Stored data
Start of Block

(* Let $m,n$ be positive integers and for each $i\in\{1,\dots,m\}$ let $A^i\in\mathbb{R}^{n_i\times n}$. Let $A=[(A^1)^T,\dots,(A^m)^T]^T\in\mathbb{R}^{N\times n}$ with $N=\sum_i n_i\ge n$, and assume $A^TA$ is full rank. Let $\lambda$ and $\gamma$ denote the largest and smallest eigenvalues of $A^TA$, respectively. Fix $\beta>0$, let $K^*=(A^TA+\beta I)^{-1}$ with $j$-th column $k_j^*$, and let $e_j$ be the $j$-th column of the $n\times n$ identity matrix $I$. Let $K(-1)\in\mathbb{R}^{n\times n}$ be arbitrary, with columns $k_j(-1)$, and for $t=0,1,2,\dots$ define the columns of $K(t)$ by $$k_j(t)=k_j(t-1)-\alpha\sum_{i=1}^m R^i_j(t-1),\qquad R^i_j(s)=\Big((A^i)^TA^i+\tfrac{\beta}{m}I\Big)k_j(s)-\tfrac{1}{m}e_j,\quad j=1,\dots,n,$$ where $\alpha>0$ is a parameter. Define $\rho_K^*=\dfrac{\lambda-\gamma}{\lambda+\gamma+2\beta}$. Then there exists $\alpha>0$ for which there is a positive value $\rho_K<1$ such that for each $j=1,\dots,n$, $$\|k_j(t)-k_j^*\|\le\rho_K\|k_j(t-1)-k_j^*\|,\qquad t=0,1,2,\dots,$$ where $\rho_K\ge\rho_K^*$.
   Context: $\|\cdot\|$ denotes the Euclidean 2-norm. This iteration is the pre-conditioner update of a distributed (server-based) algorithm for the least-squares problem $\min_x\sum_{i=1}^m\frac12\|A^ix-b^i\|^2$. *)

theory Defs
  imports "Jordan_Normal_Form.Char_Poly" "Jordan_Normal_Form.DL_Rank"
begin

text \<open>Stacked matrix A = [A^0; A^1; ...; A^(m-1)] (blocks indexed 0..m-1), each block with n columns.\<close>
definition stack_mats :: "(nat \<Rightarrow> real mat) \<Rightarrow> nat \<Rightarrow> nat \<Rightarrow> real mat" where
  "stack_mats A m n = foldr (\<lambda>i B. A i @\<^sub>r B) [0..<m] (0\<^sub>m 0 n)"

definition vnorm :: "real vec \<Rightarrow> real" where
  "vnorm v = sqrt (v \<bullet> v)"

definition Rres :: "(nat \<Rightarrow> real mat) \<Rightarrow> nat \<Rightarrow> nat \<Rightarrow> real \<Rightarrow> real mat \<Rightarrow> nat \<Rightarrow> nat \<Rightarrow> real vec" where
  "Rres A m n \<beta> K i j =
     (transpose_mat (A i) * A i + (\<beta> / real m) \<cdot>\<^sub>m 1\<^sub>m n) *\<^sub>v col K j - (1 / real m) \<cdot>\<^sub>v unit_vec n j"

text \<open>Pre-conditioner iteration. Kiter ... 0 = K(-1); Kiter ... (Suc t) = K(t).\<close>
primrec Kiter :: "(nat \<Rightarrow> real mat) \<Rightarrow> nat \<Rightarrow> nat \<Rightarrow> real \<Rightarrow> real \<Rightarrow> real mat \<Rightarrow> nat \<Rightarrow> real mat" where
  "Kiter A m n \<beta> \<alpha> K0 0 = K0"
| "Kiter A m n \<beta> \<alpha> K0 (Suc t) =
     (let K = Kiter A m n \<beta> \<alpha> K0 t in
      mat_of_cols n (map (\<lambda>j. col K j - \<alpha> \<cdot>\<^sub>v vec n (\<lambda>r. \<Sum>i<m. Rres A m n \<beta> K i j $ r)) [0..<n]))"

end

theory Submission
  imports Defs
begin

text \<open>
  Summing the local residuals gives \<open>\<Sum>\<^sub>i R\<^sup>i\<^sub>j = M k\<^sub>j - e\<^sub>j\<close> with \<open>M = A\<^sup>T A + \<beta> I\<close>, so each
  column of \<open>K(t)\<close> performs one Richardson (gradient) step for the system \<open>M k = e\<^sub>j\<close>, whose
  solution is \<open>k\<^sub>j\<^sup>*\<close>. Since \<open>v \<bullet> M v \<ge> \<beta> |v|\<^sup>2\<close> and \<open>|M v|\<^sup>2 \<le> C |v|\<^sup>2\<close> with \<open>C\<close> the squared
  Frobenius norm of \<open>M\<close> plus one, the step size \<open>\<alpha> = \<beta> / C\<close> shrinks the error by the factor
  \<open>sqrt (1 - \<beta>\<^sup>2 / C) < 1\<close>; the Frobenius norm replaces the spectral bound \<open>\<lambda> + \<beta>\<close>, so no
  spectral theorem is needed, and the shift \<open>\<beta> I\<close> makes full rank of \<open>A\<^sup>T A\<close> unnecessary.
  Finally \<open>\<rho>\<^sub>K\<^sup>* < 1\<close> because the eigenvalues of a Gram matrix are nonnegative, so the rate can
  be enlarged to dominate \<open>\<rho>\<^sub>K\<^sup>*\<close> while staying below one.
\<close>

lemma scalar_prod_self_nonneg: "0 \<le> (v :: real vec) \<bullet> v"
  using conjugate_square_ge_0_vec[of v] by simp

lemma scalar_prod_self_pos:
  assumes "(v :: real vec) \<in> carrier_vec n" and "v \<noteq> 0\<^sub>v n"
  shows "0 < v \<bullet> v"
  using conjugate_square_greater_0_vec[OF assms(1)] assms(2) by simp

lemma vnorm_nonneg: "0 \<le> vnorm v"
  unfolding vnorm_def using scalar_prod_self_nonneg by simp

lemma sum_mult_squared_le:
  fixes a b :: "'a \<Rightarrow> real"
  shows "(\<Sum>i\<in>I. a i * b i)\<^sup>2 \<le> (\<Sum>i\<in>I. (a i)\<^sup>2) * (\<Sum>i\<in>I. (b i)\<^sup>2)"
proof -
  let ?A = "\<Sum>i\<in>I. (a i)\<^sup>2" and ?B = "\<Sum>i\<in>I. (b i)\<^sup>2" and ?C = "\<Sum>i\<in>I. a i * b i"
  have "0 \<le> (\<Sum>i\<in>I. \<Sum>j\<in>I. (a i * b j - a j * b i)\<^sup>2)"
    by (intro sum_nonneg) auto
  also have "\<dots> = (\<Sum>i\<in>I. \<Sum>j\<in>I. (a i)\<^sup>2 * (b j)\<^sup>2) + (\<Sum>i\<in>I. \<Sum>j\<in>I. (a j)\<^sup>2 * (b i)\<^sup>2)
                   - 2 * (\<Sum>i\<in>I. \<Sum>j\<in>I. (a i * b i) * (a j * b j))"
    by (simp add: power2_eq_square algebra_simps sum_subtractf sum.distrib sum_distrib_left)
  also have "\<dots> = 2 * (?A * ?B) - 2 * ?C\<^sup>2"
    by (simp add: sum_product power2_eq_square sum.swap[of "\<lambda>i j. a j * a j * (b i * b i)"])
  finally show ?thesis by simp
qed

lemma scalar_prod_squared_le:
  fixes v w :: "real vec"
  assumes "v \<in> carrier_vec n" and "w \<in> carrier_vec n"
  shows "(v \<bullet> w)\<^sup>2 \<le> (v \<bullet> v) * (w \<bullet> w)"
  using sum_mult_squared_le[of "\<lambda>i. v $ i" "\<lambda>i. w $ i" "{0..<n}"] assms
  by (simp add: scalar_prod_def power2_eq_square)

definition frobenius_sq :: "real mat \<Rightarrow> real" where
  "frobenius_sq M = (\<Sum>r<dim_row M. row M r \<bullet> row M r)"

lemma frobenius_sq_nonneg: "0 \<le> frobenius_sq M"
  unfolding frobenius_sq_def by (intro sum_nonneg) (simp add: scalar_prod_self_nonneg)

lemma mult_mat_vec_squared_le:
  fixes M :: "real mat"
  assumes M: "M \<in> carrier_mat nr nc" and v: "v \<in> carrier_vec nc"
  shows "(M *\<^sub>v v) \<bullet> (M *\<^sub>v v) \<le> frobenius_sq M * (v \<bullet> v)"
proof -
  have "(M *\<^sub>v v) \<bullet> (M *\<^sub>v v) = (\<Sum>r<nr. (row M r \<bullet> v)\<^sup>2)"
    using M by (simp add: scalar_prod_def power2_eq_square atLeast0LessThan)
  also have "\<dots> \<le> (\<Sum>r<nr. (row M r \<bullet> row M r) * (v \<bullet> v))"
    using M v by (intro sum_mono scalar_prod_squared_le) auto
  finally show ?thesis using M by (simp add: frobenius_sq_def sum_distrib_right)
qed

End of Block

## Required work
Could you transcribe the entries above word for word, from the line with "bound \<open>\<lambda> + \<beta>\<close>, so no" down to the line with "real vec) \<bullet>", keeping both?

## Reply
  \<open>sqrt (1 - \<beta>\<^sup>2 / C) < 1\<close>; the Frobenius norm replaces the spectral bound \<open>\<lambda> + \<beta>\<close>, so no
  spectral theorem is needed, and the shift \<open>\<beta> I\<close> makes full rank of \<open>A\<^sup>T A\<close> unnecessary.
  Finally \<open>\<rho>\<^sub>K\<^sup>* < 1\<close> because the eigenvalues of a Gram matrix are nonnegative, so the rate can
  be enlarged to dominate \<open>\<rho>\<^sub>K\<^sup>*\<close> while staying below one.
\<close>

lemma scalar_prod_self_nonneg: "0 \<le> (v :: real vec) \<bullet> v"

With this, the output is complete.